Ему никто не ответил.

Амина снова принялась полоть, а между делом думала:

«Была бы мужчиной, ей-богу, ушла б из дому, как Янк Ардаш. Вот кто живет как хочет. С таким отцом, как мой, только намучаешься. Все говорят «богатый, богатый…» Мне-то что за прок от его богатства? Даже к празднику никакой обновы не дает купить, все сама себе шью. Пару ботинок полгода выпрашивала. Работаешь день и ночь, а он деньги копит. На что их бережет? Едим хуже последних нищих, мать без его разрешения картошки боится сварить… Только и знает, что заставляет работать…»

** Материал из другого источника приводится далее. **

(* Let $H$ be a forest, let $(A,B)$ be a bipartition of $H$ with $|A|=|B|$, and let $n$ be an integer with $0\le n\le |A|$. Then there is a stable set $X$ of $H$ with $|X|=|A|$ and $|X\cap A|=n$.
   Context: A bipartition $(A,B)$ of $H$ is a partition of $V(H)$ into two stable sets. *)

theory Defs
  imports Main
begin

definition simple_graph :: "'a set \<Rightarrow> ('a \<Rightarrow> 'a \<Rightarrow> bool) \<Rightarrow> bool" where
  "simple_graph V E \<longleftrightarrow> finite V \<and> (\<forall>x y. E x y \<longrightarrow> x \<in> V \<and> y \<in> V)
     \<and> (\<forall>x y. E x y \<longrightarrow> E y x) \<and> (\<forall>x. \<not> E x x)"

definition is_cycle :: "'a set \<Rightarrow> ('a \<Rightarrow> 'a \<Rightarrow> bool) \<Rightarrow> 'a list \<Rightarrow> bool" where
  "is_cycle V E cs \<longleftrightarrow> length cs \<ge> 3 \<and> distinct cs \<and> set cs \<subseteq> V
     \<and> (\<forall>i. Suc i < length cs \<longrightarrow> E (cs ! i) (cs ! Suc i))
     \<and> E (last cs) (hd cs)"

definition forest :: "'a set \<Rightarrow> ('a \<Rightarrow> 'a \<Rightarrow> bool) \<Rightarrow> bool" where
  "forest V E \<longleftrightarrow> simple_graph V E \<and> (\<nexists>cs. is_cycle V E cs)"

definition stable_set :: "'a set \<Rightarrow> ('a \<Rightarrow> 'a \<Rightarrow> bool) \<Rightarrow> 'a set \<Rightarrow> bool" where
  "stable_set V E X \<longleftrightarrow> X \<subseteq> V \<and> (\<forall>x\<in>X. \<forall>y\<in>X. \<not> E x y)"

definition bipartition :: "'a set \<Rightarrow> ('a \<Rightarrow> 'a \<Rightarrow> bool) \<Rightarrow> 'a set \<Rightarrow> 'a set \<Rightarrow> bool" where
  "bipartition V E A B \<longleftrightarrow> A \<union> B = V \<and> A \<inter> B = {}
     \<and> stable_set V E A \<and> stable_set V E B"

end

theory Submission
  imports Defs
begin

text \<open>Strengthen the claim to arbitrary bipartitions: for every \<open>n \<le> |A|\<close> there is a
stable set \<open>X\<close> with \<open>|X \<inter> A| = n\<close> and \<open>|X| \<ge> min |A| |B|\<close>. For \<open>n = 0\<close> take \<open>B\<close>,
for \<open>n = |A|\<close> take \<open>A\<close>. Otherwise delete a leaf \<open>x\<close> (the endpoint of a longest path)
together with its neighbour; each side loses at most one vertex, so induction applied to the
smaller forest (asking for \<open>n - 1\<close> vertices of \<open>A\<close> if \<open>x \<in> A\<close>) and adding \<open>x\<close> back gives
the claim. When \<open>|A| = |B|\<close>, discarding surplus vertices outside \<open>A\<close> yields \<open>|X| = |A|\<close>.\<close>

definition is_path :: "'a set \<Rightarrow> ('a \<Rightarrow> 'a \<Rightarrow> bool) \<Rightarrow> 'a list \<Rightarrow> bool" where
  "is_path V E p \<longleftrightarrow> p \<noteq> [] \<and> distinct p \<and> set p \<subseteq> V
     \<and> (\<forall>i. Suc i < length p \<longrightarrow> E (p ! i) (p ! Suc i))"

lemma is_path_Cons:
  assumes "p \<noteq> []"
  shows "is_path V E (y # p) \<longleftrightarrow> y \<in> V \<and> y \<notin> set p \<and> E y (hd p) \<and> is_path V E p"
  using assms unfolding is_path_def
  by (cases p) (auto simp: less_Suc_eq_0_disj)

lemma is_cycle_take_path:
  assumes "is_path V E p" "2 \<le> j" "j < length p" "E (p ! j) (hd p)"
  shows "is_cycle V E (take (Suc j) p)"
  unfolding is_cycle_def
proof (intro conjI allI impI)
  have "last (take (Suc j) p) = p ! j" using assms(3) by (simp add: take_Suc_conv_app_nth)
  moreover have "hd (take (Suc j) p) = hd p" by (simp add: hd_take)
  ultimately show "E (last (take (Suc j) p)) (hd (take (Suc j) p))" using assms(4) by simp
qed (use assms set_take_subset[of "Suc j" p] in \<open>auto simp: is_path_def\<close>)

lemma longest_path_exists:
  assumes "finite V" "V \<noteq> {}"
  obtains p where "is_path V E p" "\<And>q. is_path V E q \<Longrightarrow> length q \<le> length p"
proof -
  obtain v where "v \<in> V" using assms(2) by blast
  then have "is_path V E [v]" by (simp add: is_path_def)
  moreover have "length q < Suc (card V)" if "is_path V E q" for q
  proof -
    have "length q = card (set q)" using that by (simp add: is_path_def distinct_card)
    also have "\<dots> \<le> card V" using that assms(1) by (simp add: is_path_def card_mono)
    finally show ?thesis by simp
  qed
  ultimately show thesis
    using ex_has_greatest_nat[of "is_path V E" "[v]" length "Suc (card V)"] that by blast
qed

lemma forest_has_leaf:
  assumes "forest V E" "V \<noteq> {}"
  shows "\<exists>x\<in>V. \<forall>y z. E x y \<longrightarrow> E x z \<longrightarrow> y = z"
proof -
  have "finite V" and sym: "\<And>x y. E x y \<Longrightarrow> E y x" and irrefl: "\<And>x. \<not> E x x"
    and edges: "\<And>x y. E x y \<Longrightarrow> y \<in> V"
    using assms(1) by (auto simp: forest_def simple_graph_def)
  obtain p where p: "is_path V E p" and longest: "\<And>q. is_path V E q \<Longrightarrow> length q \<le> length p"
    using longest_path_exists[OF \<open>finite V\<close> assms(2)] by blast
  have "p \<noteq> []" using p by (simp add: is_path_def)
  have neighbour: "y = p ! 1" if "E (hd p) y" for y
  proof -
    have "y \<in> set p"
    proof (rule ccontr)
      assume "y \<notin> set p"
      then have "is_path V E (y # p)"
        using is_path_Cons[OF \<open>p \<noteq> []\<close>] p sym[OF that] edges[OF that] by simp
      then show False using longest[of "y # p"] by simp
    qed
    then obtain j where j: "j < length p" "y = p ! j" by (auto simp: in_set_conv_nth)
    have "j \<noteq> 0" using that j irrefl \<open>p \<noteq> []\<close> by (metis hd_conv_nth)
    moreover have "\<not> 2 \<le> j"
    proof
      assume "2 \<le> j"
      then have "is_cycle V E (take (Suc j) p)"
        using is_cycle_take_path[OF p _ j(1)] sym[OF that] j(2) by simp
      then show False using assms(1) by (auto simp: forest_def)
    qed
    ultimately have "j = 1" by arith
    then show ?thesis using j by simp
  qed
  have "hd p \<in> V" using p \<open>p \<noteq> []\<close> by (auto simp: is_path_def)
  then show ?thesis using neighbour by (intro bexI[of _ "hd p"]) auto
qed

definition induced :: "('a \<Rightarrow> 'a \<Rightarrow> bool) \<Rightarrow> 'a set \<Rightarrow> 'a \<Rightarrow> 'a \<Rightarrow> bool" where
  "induced E W a b \<longleftrightarrow> E a b \<and> a \<in> W \<and> b \<in> W"

lemma forest_induced:
  assumes "forest V E" "W \<subseteq> V"
  shows "forest W (induced E W)"
proof -
  have "is_cycle V E cs" if "is_cycle W (induced E W) cs" for cs
    using that assms(2) by (auto simp: is_cycle_def induced_def)
  moreover have "simple_graph W (induced E W)"
    using assms finite_subset by (auto simp: forest_def simple_graph_def induced_def)
  ultimately show ?thesis using assms(1) by (auto simp: forest_def)
qed

lemma bipartition_induced:
  assumes "bipartition V E A B" "W \<subseteq> V"
  shows "bipartition W (induced E W) (A \<inter> W) (B \<inter> W)"
  using assms unfolding bipartition_def stable_set_def induced_def by blast

lemma stable_set_induced_iff:
  assumes "W \<subseteq> V"
  shows "stable_set W (induced E W) X \<longleftrightarrow> stable_set V E X \<and> X \<subseteq> W"
  using assms unfolding stable_set_def induced_def by blast

lemma stable_set_card_le_after_leaf_deletion:
  assumes "stable_set V E A" "finite A" and leaf: "\<forall>y z. E x y \<longrightarrow> E x z \<longrightarrow> y = z"
  shows "card A \<le> card (A - insert x {y. E x y}) + 1"
proof -
  have "card (A \<inter> insert x {y. E x y}) \<le> 1"
    using assms unfolding One_nat_def card_le_Suc0_iff_eq[OF finite_Int[OF disjI1[OF assms(2)]]]
    by (auto simp: stable_set_def)
  then show ?thesis
    using card_Diff_subset_Int[of A "insert x {y. E x y}"] assms(2) by simp
qed

lemma stable_set_subset:
  assumes "stable_set V E X" "Y \<subseteq> X"
  shows "stable_set V E Y"
  using assms unfolding stable_set_def by blast

lemma stable_set_insert_deleted_vertex:
  assumes "simple_graph V E" "x \<in> V"
    and W: "W = V - insert x {y. E x y}" and X: "stable_set W (induced E W) X"
  shows "stable_set V E (insert x X)"
    and "card (insert x X) = card X + 1"
    and "card (insert x X \<inter> A) = card (X \<inter> (A \<inter> W)) + (if x \<in> A then 1 else 0)"
proof -
  have "finite V" and sym: "\<And>x y. E x y \<Longrightarrow> E y x" and irrefl: "\<And>x. \<not> E x x"
    using assms(1) by (auto simp: simple_graph_def)
  have "W \<subseteq> V" using W by blast
  then have "X \<subseteq> W" "stable_set V E X" using X stable_set_induced_iff by blast+
  have "\<forall>y\<in>X. \<not> E x y \<and> \<not> E y x" using \<open>X \<subseteq> W\<close> sym W by blast
  then show "stable_set V E (insert x X)"
    using \<open>stable_set V E X\<close> \<open>x \<in> V\<close> irrefl by (auto simp: stable_set_def)
  have "finite X" "x \<notin> X"
    using \<open>X \<subseteq> W\<close> \<open>W \<subseteq> V\<close> \<open>finite V\<close> W by (auto intro: finite_subset)
  moreover have "X \<inter> (A \<inter> W) = X \<inter> A" using \<open>X \<subseteq> W\<close> by blast
  ultimately show "card (insert x X) = card X + 1"
    and "card (insert x X \<inter> A) = card (X \<inter> (A \<inter> W)) + (if x \<in> A then 1 else 0)"
    by (simp_all add: Int_insert_left)
qed

lemma forest_stable_set_meeting_side:
  assumes "forest V E" "bipartition V E A B" "n \<le> card A"
  shows "\<exists>X. stable_set V E X \<and> card (X \<inter> A) = n \<and> min (card A) (card B) \<le> card X"
  using assms
proof (induction "card V" arbitrary: V E A B n rule: less_induct)
  case less
  have "finite V" using less.prems(1) by (auto simp: forest_def simple_graph_def)
  have sides: "A \<union> B = V" "A \<inter> B = {}" "stable_set V E A" "stable_set V E B"
    using less.prems(2) by (auto simp: bipartition_def)
  have "finite A" "finite B" using \<open>finite V\<close> sides(1) by (auto intro: finite_subset)
  consider "n = 0" | "n = card A" | "0 < n" "n < card A"
    using less.prems(3) by linarith
  then show ?case
  proof cases
    case 1
    then show ?thesis using sides by (intro exI[of _ B]) (auto simp: Int_commute)
  next
    case 2
    then show ?thesis using sides by (intro exI[of _ A]) auto
  next
    case 3
    then have "V \<noteq> {}" using sides(1) by auto
    then obtain x where "x \<in> V" and leaf: "\<forall>y z. E x y \<longrightarrow> E x z \<longrightarrow> y = z"
      using forest_has_leaf[OF less.prems(1)] by blast
    define W where "W = V - insert x {y. E x y}"
    have "W \<subseteq> V" by (auto simp: W_def)
    have "card W < card V" using \<open>finite V\<close> \<open>x \<in> V\<close> by (auto simp: W_def intro: psubset_card_mono)
    have "A \<inter> W = A - insert x {y. E x y}" "B \<inter> W = B - insert x {y. E x y}"
      using sides(1) by (auto simp: W_def)
    then have "card A \<le> card (A \<inter> W) + 1" "card B \<le> card (B \<inter> W) + 1"
      using stable_set_card_le_after_leaf_deletion[OF sides(3) \<open>finite A\<close> leaf]
        stable_set_card_le_after_leaf_deletion[OF sides(4) \<open>finite B\<close> leaf] by simp_all
    define m where "m = (if x \<in> A then n - 1 else n)"
    have "m \<le> card (A \<inter> W)" using 3 \<open>card A \<le> card (A \<inter> W) + 1\<close> by (auto simp: m_def)
    then obtain X where X: "stable_set W (induced E W) X" "card (X \<inter> (A \<inter> W)) = m"
      "min (card (A \<inter> W)) (card (B \<inter> W)) \<le> card X"
      using less.hyps[OF \<open>card W < card V\<close> forest_induced[OF less.prems(1) \<open>W \<subseteq> V\<close>]
          bipartition_induced[OF less.prems(2) \<open>W \<subseteq> V\<close>]] by blast
    have stable: "stable_set V E (insert x X)"
      and size: "card (insert x X) = card X + 1"
      and "card (insert x X \<inter> A) = m + (if x \<in> A then 1 else 0)"
      using stable_set_insert_deleted_vertex[OF _ \<open>x \<in> V\<close> W_def X(1)] X(2) less.prems(1)
      by (auto simp: forest_def)
    then have meets_A: "card (insert x X \<inter> A) = n" using 3 by (simp add: m_def)
    have large: "min (card A) (card B) \<le> card (insert x X)"
      using size X(3) \<open>card A \<le> card (A \<inter> W) + 1\<close> \<open>card B \<le> card (B \<inter> W) + 1\<close> by linarith
    show ?thesis using stable meets_A large by blast
  qed
qed

theorem mainTheorem6:
  fixes V :: "'a set" and E :: "'a \<Rightarrow> 'a \<Rightarrow> bool" and A B :: "'a set" and n :: nat
  assumes "forest V E"
    and "bipartition V E A B"
    and "card A = card B"
    and "n \<le> card A"
  shows "\<exists>X. stable_set V E X \<and> card X = card A \<and> card (X \<inter> A) = n"
proof -
  obtain X where X: "stable_set V E X" "card (X \<inter> A) = n" "card A \<le> card X"
    using forest_stable_set_meeting_side[OF assms(1,2,4)] assms(3) by auto
  have "finite X"
    using X(1) assms(1) finite_subset by (auto simp: stable_set_def forest_def simple_graph_def)
  then obtain Z where Z: "X \<inter> A \<subseteq> Z" "Z \<subseteq> X" "card Z = card A"
    using exists_subset_between[of "X \<inter> A" "card A" X] X(2,3) assms(4) by auto
  then have "Z \<inter> A = X \<inter> A" by blast
  then show ?thesis using stable_set_subset[OF X(1) Z(2)] Z(3) X(2) by auto
qed

end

Пололи долго, наконец Орлай Кости сказал:

— Теперь можно отдохнуть.

— Ох, как поясницу ломит! — разгибаясь, застонала Дарья. Ухватившись за поясницу, она проковыляла к борозде, уселась рядом с мужем и дочерью. Немного погодя спросила:

— На вознесенье, отец, в церковь пойдем?

Орлай Кости подумал и сказал:

— Пожалуй, не пойдем.

— Батюшка рассердится.

— Пусть его сердится, я на свечки много потратил. А сколько раз он нынче за ругой приходил, ненасытный черт!

— Что ты, отец, разве можно так ругаться? Бог накажет.

— Я не бога ругаю, а попа.

— И попа, говорят, нельзя ругать.

— Теперь такие времена настали, что попов не то что ругают, даже бьют.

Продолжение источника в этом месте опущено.